PET-CT FUSION IMAGING IN PERSONALIZED ONCOLOGY: FROM DIAGNOSIS TO TREATMENT RESPONSE EVALUATION
DOI:
https://doi.org/10.71000/aqw2a457Keywords:
Cancer Staging, Head and Neck Neoplasms, Lymphoma, , Neoplasms, Positron-Emission Tomography, , Precision Medicine, PrognosisAbstract
Background: Integrated positron emission tomography with computed tomography (PET-CT) has emerged as a pivotal imaging modality in the realm of personalized oncology. By combining metabolic and anatomical information, it enables more accurate tumor characterization, precise staging, early treatment response evaluation, and relapse detection.
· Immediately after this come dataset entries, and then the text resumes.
theorem theorem4:
  fixes M :: "'a measure"
    and A :: "nat \<Rightarrow> 'a \<Rightarrow> real^'n^'n"
    and x0 :: "real^'n"
    and amax \<alpha> :: real
  assumes "prob_space M"
    and indep: "prob_space.indep_vars M (\<lambda>_. borel) A UNIV"
    and ident: "\<And>t. distr M borel (A t) = distr M borel (A 0)"
    and nonneg: "\<And>t. AE \<omega> in M. \<forall>i j. A t \<omega> $ i $ j \<ge> 0"
    and rowsum: "\<And>t. AE \<omega> in M. \<forall>i. (\<Sum>l\<in>UNIV. A t \<omega> $ i $ l) = 1"
    and zero_col: "\<And>t. ones_vec v* mat_expectation M (\<lambda>\<omega>. laplacian (A t \<omega>)) = 0"
    and amax_pos: "amax > 0" and alpha_pos: "\<alpha> > 0"
    and amax_bd: "\<And>t. AE \<omega> in M. \<forall>i j. i \<noteq> j \<longrightarrow> A t \<omega> $ i $ j \<le> amax"
    and alpha_bd: "\<And>t. AE \<omega> in M. \<forall>i. A t \<omega> $ i $ i \<ge> \<alpha>"
    and uncorr: "\<And>t i j k l. i \<noteq> j \<Longrightarrow> k \<noteq> l \<Longrightarrow> (i, j) \<noteq> (k, l) \<Longrightarrow>
        integral\<^sup>L M (\<lambda>\<omega>. A t \<omega> $ i $ j * A t \<omega> $ k $ l)
        = integral\<^sup>L M (\<lambda>\<omega>. A t \<omega> $ i $ j) * integral\<^sup>L M (\<lambda>\<omega>. A t \<omega> $ k $ l)"
  shows "(\<forall>t. mat_le
            (mat_expectation M (\<lambda>\<omega>. transpose (laplacian (A t \<omega>)) ** ones_mat ** laplacian (A t \<omega>)))
            ((amax / \<alpha>) *\<^sub>R mat_expectation M (\<lambda>\<omega>. laplacian (A t \<omega>) + transpose (laplacian (A t \<omega>))
                 - transpose (laplacian (A t \<omega>)) ** laplacian (A t \<omega>))))
       \<and> (\<forall>t. integral\<^sup>L M (\<lambda>\<omega>. (avg (traj A x0 t \<omega>) - avg x0)^2)
              \<le> (amax / \<alpha>) / (real CARD('n) + amax / \<alpha>) * Var x0)"
proof -
  interpret prob_space M by fact
  \<comment> \<open>The per-time almost-sure hypotheses hold simultaneously for all t (countable union).\<close>
  interpret uncorrelated_consensus M A x0 amax \<alpha>
  proof unfold_locales
    show "AE \<omega> in M. \<forall>t. stochastic (A t \<omega>)"
      using nonneg rowsum by (simp add: AE_all_countable stochastic_def)
    show "AE \<omega> in M. \<forall>t i j. i \<noteq> j \<longrightarrow> A t \<omega> $ i $ j \<le> amax"
      using amax_bd by (simp add: AE_all_countable)
    show "AE \<omega> in M. \<forall>t i. \<alpha> \<le> A t \<omega> $ i $ i"
      using alpha_bd by (simp add: AE_all_countable)
  qed (use indep zero_col amax_pos alpha_pos uncorr in auto)
  show ?thesis
    using expected_matrix_inequality deviation_bound
    by (auto intro!: mat_le_scaleR_intro simp: mean_shift_mat_def norm_decrease_mat_def)
qed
PET-CT is particularly effective in guiding therapeutic decisions across various cancer types, thereby supporting its role as a cornerstone in precision medicine.
Objective: To evaluate the real-world impact of PET-CT fusion imaging on cancer staging, treatment planning, metabolic response assessment, and progression-free survival (PFS) across five major tumor types.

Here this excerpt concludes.